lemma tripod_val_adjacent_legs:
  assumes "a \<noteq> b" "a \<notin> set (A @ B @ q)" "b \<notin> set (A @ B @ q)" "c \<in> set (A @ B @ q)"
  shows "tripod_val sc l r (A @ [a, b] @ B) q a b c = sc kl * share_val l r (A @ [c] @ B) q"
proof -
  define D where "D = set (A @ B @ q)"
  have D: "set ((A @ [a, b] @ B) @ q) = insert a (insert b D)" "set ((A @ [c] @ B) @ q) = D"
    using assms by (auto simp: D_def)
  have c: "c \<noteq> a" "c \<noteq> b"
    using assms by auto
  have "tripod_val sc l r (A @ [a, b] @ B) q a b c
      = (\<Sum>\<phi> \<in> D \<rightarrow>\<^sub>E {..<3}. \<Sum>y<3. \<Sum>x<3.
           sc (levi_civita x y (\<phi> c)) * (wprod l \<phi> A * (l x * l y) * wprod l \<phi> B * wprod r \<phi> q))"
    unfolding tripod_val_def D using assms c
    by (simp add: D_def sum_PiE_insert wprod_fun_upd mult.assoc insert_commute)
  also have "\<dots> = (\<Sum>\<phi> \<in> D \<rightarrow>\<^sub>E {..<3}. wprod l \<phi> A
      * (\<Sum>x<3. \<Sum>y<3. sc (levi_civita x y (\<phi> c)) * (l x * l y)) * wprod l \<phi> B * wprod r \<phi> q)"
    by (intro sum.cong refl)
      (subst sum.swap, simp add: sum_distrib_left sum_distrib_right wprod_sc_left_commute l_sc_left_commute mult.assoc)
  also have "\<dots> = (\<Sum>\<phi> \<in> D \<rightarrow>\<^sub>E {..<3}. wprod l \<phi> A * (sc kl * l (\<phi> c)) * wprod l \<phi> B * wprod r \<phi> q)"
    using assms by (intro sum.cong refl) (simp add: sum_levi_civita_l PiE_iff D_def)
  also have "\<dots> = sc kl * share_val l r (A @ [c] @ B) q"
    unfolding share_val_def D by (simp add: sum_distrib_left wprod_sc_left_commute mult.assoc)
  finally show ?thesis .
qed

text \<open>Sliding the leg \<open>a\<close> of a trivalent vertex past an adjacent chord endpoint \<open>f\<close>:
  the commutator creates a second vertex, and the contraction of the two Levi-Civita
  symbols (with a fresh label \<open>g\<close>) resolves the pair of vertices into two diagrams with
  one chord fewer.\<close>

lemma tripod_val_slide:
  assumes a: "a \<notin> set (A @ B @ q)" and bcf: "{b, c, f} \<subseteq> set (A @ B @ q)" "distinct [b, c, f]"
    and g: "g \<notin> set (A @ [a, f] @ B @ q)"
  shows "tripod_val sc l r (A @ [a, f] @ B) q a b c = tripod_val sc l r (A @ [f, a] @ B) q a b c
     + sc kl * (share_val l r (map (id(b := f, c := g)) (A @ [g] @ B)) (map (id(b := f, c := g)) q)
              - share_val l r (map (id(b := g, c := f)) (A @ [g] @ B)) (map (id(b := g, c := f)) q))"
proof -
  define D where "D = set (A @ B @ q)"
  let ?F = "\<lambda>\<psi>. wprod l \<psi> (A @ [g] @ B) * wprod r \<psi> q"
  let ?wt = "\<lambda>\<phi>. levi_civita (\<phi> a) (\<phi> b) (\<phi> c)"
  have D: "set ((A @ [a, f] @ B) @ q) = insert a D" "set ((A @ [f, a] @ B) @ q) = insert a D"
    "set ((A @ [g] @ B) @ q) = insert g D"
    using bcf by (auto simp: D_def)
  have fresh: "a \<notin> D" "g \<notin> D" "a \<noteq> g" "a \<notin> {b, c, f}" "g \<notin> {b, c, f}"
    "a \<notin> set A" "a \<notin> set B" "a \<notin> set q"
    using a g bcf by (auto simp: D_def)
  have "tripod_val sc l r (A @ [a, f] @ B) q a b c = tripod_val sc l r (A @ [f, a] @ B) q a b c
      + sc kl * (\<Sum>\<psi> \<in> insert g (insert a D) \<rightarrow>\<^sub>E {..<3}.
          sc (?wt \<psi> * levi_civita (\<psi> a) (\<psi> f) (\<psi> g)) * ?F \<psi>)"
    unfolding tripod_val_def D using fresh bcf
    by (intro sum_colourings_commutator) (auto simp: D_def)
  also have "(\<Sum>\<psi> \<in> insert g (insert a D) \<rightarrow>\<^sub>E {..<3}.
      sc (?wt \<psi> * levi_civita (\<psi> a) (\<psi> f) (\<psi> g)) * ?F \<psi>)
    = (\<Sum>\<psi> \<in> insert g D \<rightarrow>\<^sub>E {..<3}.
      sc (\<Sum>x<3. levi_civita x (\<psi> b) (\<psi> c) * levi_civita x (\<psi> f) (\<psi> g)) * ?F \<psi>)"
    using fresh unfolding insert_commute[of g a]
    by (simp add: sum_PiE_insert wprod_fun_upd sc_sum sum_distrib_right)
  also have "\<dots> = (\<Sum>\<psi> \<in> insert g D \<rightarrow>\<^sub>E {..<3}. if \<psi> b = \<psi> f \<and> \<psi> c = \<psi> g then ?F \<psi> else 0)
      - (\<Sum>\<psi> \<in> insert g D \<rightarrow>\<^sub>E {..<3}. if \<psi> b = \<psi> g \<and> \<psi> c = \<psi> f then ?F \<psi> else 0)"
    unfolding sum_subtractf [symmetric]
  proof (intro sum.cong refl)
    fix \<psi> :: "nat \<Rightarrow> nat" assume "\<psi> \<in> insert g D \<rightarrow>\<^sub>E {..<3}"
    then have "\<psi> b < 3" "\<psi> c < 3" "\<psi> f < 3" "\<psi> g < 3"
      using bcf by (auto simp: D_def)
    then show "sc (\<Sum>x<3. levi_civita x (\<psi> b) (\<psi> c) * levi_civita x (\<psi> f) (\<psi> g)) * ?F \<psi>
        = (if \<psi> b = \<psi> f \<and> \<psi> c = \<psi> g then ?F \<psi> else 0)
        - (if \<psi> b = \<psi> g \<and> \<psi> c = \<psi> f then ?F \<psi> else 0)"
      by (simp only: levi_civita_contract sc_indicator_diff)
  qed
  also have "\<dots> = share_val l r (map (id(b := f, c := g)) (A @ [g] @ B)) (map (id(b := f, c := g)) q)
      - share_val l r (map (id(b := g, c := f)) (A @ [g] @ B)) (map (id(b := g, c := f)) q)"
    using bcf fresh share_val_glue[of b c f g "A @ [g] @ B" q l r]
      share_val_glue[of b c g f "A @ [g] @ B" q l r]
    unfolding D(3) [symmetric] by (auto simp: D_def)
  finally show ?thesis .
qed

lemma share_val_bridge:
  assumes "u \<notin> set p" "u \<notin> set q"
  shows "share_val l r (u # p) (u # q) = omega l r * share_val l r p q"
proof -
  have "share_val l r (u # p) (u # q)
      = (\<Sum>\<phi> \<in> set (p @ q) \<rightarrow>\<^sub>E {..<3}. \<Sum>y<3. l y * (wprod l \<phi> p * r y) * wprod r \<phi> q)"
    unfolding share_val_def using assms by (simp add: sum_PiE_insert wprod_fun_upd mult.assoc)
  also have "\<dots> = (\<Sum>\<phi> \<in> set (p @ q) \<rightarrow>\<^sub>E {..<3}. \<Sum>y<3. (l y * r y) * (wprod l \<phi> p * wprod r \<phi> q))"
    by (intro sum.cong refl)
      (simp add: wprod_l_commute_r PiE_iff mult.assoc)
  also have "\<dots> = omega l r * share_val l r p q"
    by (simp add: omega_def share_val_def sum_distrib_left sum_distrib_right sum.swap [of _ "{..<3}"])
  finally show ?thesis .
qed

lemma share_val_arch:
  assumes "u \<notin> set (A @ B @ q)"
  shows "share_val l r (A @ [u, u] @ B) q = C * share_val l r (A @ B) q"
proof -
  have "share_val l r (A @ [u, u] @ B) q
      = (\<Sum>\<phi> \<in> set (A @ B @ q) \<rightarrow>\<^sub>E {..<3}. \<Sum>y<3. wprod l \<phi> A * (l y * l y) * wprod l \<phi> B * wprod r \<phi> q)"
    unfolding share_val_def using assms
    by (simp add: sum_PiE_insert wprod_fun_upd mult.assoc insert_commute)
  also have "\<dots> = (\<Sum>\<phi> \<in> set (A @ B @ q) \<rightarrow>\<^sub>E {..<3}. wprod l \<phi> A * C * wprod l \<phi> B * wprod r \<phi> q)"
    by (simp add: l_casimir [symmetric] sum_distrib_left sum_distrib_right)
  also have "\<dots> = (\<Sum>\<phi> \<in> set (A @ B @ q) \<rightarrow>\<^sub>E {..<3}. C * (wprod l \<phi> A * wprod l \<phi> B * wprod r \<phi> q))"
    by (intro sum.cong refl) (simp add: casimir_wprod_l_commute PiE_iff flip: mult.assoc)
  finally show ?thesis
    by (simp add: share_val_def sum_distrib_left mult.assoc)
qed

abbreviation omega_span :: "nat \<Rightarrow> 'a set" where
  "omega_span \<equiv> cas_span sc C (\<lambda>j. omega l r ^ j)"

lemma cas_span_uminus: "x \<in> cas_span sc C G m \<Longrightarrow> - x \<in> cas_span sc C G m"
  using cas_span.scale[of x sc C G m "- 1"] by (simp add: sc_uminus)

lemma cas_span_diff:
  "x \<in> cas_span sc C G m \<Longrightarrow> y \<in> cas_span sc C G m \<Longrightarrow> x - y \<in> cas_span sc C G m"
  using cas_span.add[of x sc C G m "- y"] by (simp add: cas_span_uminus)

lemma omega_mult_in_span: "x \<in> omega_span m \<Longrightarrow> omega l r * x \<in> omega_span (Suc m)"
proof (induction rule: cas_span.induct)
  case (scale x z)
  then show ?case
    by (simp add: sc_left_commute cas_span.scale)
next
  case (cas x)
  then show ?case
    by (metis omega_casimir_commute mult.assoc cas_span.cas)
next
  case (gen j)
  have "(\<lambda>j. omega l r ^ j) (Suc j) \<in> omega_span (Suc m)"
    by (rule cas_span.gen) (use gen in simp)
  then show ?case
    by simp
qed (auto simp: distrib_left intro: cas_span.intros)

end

○ ○ ○ ○

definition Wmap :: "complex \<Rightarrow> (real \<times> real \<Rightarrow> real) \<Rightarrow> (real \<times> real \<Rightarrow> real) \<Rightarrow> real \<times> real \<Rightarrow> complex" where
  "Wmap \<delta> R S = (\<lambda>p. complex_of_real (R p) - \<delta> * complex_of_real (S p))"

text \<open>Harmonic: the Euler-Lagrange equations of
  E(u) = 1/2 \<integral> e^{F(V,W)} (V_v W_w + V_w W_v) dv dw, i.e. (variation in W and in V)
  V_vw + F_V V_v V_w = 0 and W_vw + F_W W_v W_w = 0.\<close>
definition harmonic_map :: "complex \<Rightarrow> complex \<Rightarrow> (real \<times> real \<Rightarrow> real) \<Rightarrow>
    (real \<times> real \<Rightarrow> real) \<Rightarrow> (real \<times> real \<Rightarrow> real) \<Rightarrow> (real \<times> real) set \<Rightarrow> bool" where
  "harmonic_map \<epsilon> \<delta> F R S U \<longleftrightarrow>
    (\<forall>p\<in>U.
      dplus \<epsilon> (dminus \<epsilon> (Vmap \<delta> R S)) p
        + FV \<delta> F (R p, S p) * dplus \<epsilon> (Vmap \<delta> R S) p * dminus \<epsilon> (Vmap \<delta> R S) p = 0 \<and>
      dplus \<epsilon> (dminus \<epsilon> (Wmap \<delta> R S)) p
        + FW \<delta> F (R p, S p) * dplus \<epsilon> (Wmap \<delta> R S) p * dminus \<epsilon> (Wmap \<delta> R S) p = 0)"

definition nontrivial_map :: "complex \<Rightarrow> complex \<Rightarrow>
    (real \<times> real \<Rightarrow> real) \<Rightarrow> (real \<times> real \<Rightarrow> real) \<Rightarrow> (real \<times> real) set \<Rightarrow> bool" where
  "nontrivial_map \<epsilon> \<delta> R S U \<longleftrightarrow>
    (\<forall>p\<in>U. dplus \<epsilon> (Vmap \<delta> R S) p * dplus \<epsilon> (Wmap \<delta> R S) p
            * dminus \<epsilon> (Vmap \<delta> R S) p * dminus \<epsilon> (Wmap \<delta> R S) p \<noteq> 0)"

○ ○ ○ ○

» TASK BRIEF
Check each line of the material above for "symmetric", count those that have it, and answer with the number alone.

» FINISHED TASK
3